The acquisition panel shows you how the visitors to your site got there. Usually the main path to your website will be referrals from social media or search engine results. This information is highly valuable to you as a site owner. Learning where and how the majority of your visitors are finding your site means that you can take actions to increase the visibility of those methods even more, to generate more visitors to your site.
For even more in-depth and specific information on acquisitions, link up your Google Webmaster Tools to your Google Analytics account. Doing so will show detailed information on search engine result rankings, keywords and insights into your site’s SEO optimisation. A more detailed overview of Google Webmaster Tools can be found here.
The behaviour panel gives you insights into what your visitors are doing when they are viewing your site, i.e. which content and topics are most popular.
It lets you know which pages are most frequented, as well as the path visitors take to move from page to page within your site.
The behaviour panel then allows you to view data on which pages are likely to be engaging viewers to stay on the site and which pages most visitors leave the site after viewing. Allowing you to regularly edit or remove pages which are off putting to visitors, and emulate content which visitors are finding interesting enough to stick around after reading.
The behaviour panel allows you to see what your visitors are searching for - but not finding, which will allow you to change your keywords and product names/descriptions to ensure easier navigation and discovery within your site.
The real time panel is possibly the most exciting panel on the Google Analytics dashboard.
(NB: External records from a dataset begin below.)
lemma STAB2_if_inequality:
  fixes X :: "nat \<Rightarrow> nat \<Rightarrow> real"
  assumes sym: "\<forall>i\<in>vertices. \<forall>j\<in>vertices. X i j = X j i"
    and nonneg: "\<forall>i\<in>vertices. \<forall>j\<in>vertices. X i j \<ge> 0"
    and edge_zero: "\<forall>i\<in>vertices. \<forall>j\<in>vertices. E i j \<longrightarrow> X i j = 0"
    and edge_clique: "\<And>i j k. i \<in> vertices \<Longrightarrow> j \<in> vertices \<Longrightarrow> k \<in> vertices \<Longrightarrow> E i j
      \<Longrightarrow> k \<noteq> i \<Longrightarrow> k \<noteq> j \<Longrightarrow> X i k + X j k \<le> X k k"
    and ineq: "(\<Sum>i\<in>vertices. X i i) \<le> 1 + (\<Sum>(i, j)\<in>nonadjacent_pairs. X i j)"
  shows "X \<in> STAB2 E vertices"
proof -
  note X_swap = swap_on_vertices[OF sym]
  have X_edge: "X (p a) (p b) = 0" if "a < 5" "b < 5" "E (p a) (p b)" for a b
    using edge_zero that by auto
  have clique_bound: "X (p a) (p c) + X (p b) (p c) \<le> X (p c) (p c)"
    if "a < 5" "b < 5" "c < 5" "E (p a) (p b)" "c \<noteq> a" "c \<noteq> b" for a b c
    using that by (intro edge_clique) auto
  have bounds:
    "X (p 0) (p 2) + X (p 3) (p 0) \<le> X (p 0) (p 0)" "X (p 1) (p 3) + X (p 4) (p 1) \<le> X (p 1) (p 1)"
    "X (p 2) (p 4) + X (p 0) (p 2) \<le> X (p 2) (p 2)" "X (p 3) (p 0) + X (p 1) (p 3) \<le> X (p 3) (p 3)"
    "X (p 4) (p 1) + X (p 2) (p 4) \<le> X (p 4) (p 4)"
    using clique_bound[of 2 3 0] clique_bound[of 3 4 1] clique_bound[of 4 0 2] clique_bound[of 0 1 3]
      clique_bound[of 1 2 4] X_swap[of 2 0] X_swap[of 3 1] X_swap[of 4 2] X_swap[of 0 3] X_swap[of 1 4]
    by (simp_all add: adjacent_iff)
  define L where "L =
    [(1 + (\<Sum>(i, j)\<in>nonadjacent_pairs. X i j) - (\<Sum>i\<in>vertices. X i i), {}),
     (X (p 0) (p 0) - X (p 0) (p 2) - X (p 3) (p 0), {p 0}),
     (X (p 1) (p 1) - X (p 1) (p 3) - X (p 4) (p 1), {p 1}),
     (X (p 2) (p 2) - X (p 2) (p 4) - X (p 0) (p 2), {p 2}),
     (X (p 3) (p 3) - X (p 3) (p 0) - X (p 1) (p 3), {p 3}),
     (X (p 4) (p 4) - X (p 4) (p 1) - X (p 2) (p 4), {p 4}),
     (X (p 0) (p 2), {p 0, p 2}), (X (p 1) (p 3), {p 1, p 3}), (X (p 2) (p 4), {p 2, p 4}),
     (X (p 3) (p 0), {p 3, p 0}), (X (p 4) (p 1), {p 4, p 1})]"
  show ?thesis
  proof (rule STAB2_of_weighted_stable_sets)
    show "\<forall>(w, S)\<in>set L. 0 \<le> w \<and> S \<subseteq> vertices \<and> (\<forall>i\<in>S. \<forall>j\<in>S. \<not> E i j)"
      using ineq bounds nonneg by (simp add: L_def vertices_eq adjacent_iff)
    show "(\<Sum>(w, S)\<leftarrow>L. w) = 1"
      by (simp add: L_def sum_vertices sum_nonadjacent_pairs[OF sym])
    show "\<forall>i\<in>vertices. \<forall>j\<in>vertices. X i j = (\<Sum>(w, S)\<leftarrow>L. w * (indicator S i * indicator S j))"
    proof (intro ballI)
      fix i j assume "i \<in> vertices" "j \<in> vertices"
      then show "X i j = (\<Sum>(w, S)\<leftarrow>L. w * (indicator S i * indicator S j))"
        unfolding vertices_eq
        using X_swap[of 2 0] X_swap[of 3 1] X_swap[of 4 2] X_swap[of 0 3] X_swap[of 1 4]
        by (auto simp: L_def sum_vertices sum_nonadjacent_pairs[OF sym] X_edge adjacent_iff)
    qed
  qed
qed

lemma STAB2_iff_inequality:
  fixes X :: "nat \<Rightarrow> nat \<Rightarrow> real"
  assumes "\<forall>i\<in>vertices. \<forall>j\<in>vertices. X i j = X j i"
    and "\<forall>i\<in>vertices. \<forall>j\<in>vertices. X i j \<ge> 0"
    and "\<forall>i\<in>vertices. \<forall>j\<in>vertices. E i j \<longrightarrow> X i j = 0"
    and "\<And>i j k. i \<in> vertices \<Longrightarrow> j \<in> vertices \<Longrightarrow> k \<in> vertices \<Longrightarrow> E i j
      \<Longrightarrow> k \<noteq> i \<Longrightarrow> k \<noteq> j \<Longrightarrow> X i k + X j k \<le> X k k"
  shows "X \<in> STAB2 E vertices \<longleftrightarrow>
    (\<Sum>i\<in>vertices. X i i) \<le> 1 + (\<Sum>(i, j)\<in>nonadjacent_pairs. X i j)"
proof
  show "(\<Sum>i\<in>vertices. X i i) \<le> 1 + (\<Sum>(i, j)\<in>nonadjacent_pairs. X i j)"
    if "X \<in> STAB2 E vertices"
    using that stable_vec_inequality by (intro STAB2_valid_inequality) auto
  show "X \<in> STAB2 E vertices"
    if "(\<Sum>i\<in>vertices. X i i) \<le> 1 + (\<Sum>(i, j)\<in>nonadjacent_pairs. X i j)"
    using assms that by (rule STAB2_if_inequality)
qed

end

lemma edge_clique_bound:
  assumes "simple_graph n E"
    and cond_i: "\<forall>C1 j. clique_in E I C1 \<and> C1 \<noteq> {} \<and> j \<in> I - C1 \<longrightarrow> (\<Sum>i\<in>C1. X i j) \<le> X j j"
    and "i \<in> I" "j \<in> I" "k \<in> I" "E i j" "k \<noteq> i" "k \<noteq> j"
  shows "X i k + X j k \<le> X k k"
proof -
  have "E j i" "i \<noteq> j"
    using assms(1) \<open>E i j\<close> unfolding simple_graph_def by auto
  then have "clique_in E I {i, j}"
    using assms(3,4,6) unfolding clique_in_def by auto
  then have "(\<Sum>i'\<in>{i, j}. X i' k) \<le> X k k"
    using cond_i assms(5-8) by blast
  then show ?thesis
    using \<open>i \<noteq> j\<close> by simp
qed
Giving you a front row view of what current visitors are doing on your website, in – you guessed it – real time!
In this panel, you can see how many visitors your site has at this precise moment, what pages they are viewing and how they are travelling through the site. The best time to utilise this panel is if some of your content goes viral, as this is the most exciting time to watch what people are doing and looking at with regards to your site. However, I will warn you that this can have an entrancing effect and before you know it you've (and you're valuable time) have fallen into a Google blackhole.
Regardless, this is an extremely useful tool if you are planning to take your site down to carry out maintenance, as it allows you to assess whether it is a good time to do so, or whether immediate downtime will cause loss of sales and potential customers.
Using the Data
Now that you know what data is available through Google Analytics, it’s time to find out what it means and what you can do with it.
If you just want to keep an eye on how many visitors your site is getting each day, you can do that and it will give you some good general insights into which content is working for you and which is not performing as well as it could be.
On the other hand, if you are running a large website with many pages and you want to look a bit deeper (and I recommend that you do), Google Analytics offers everything you will need to monitor your sites performance and progress.
Google Analytics is powerful and it's free! If you care about strengthening your online presence, there is absolutely no reason not to dive in.
Gain invaluable insights and optimise your website to increase traffic and sales. By tracking data and analysing changes, you will be able to see trends appearing, which will enable you to alter your website (and ultimately your business trajectory) accordingly, to maintain a fresh edge over your industry competition.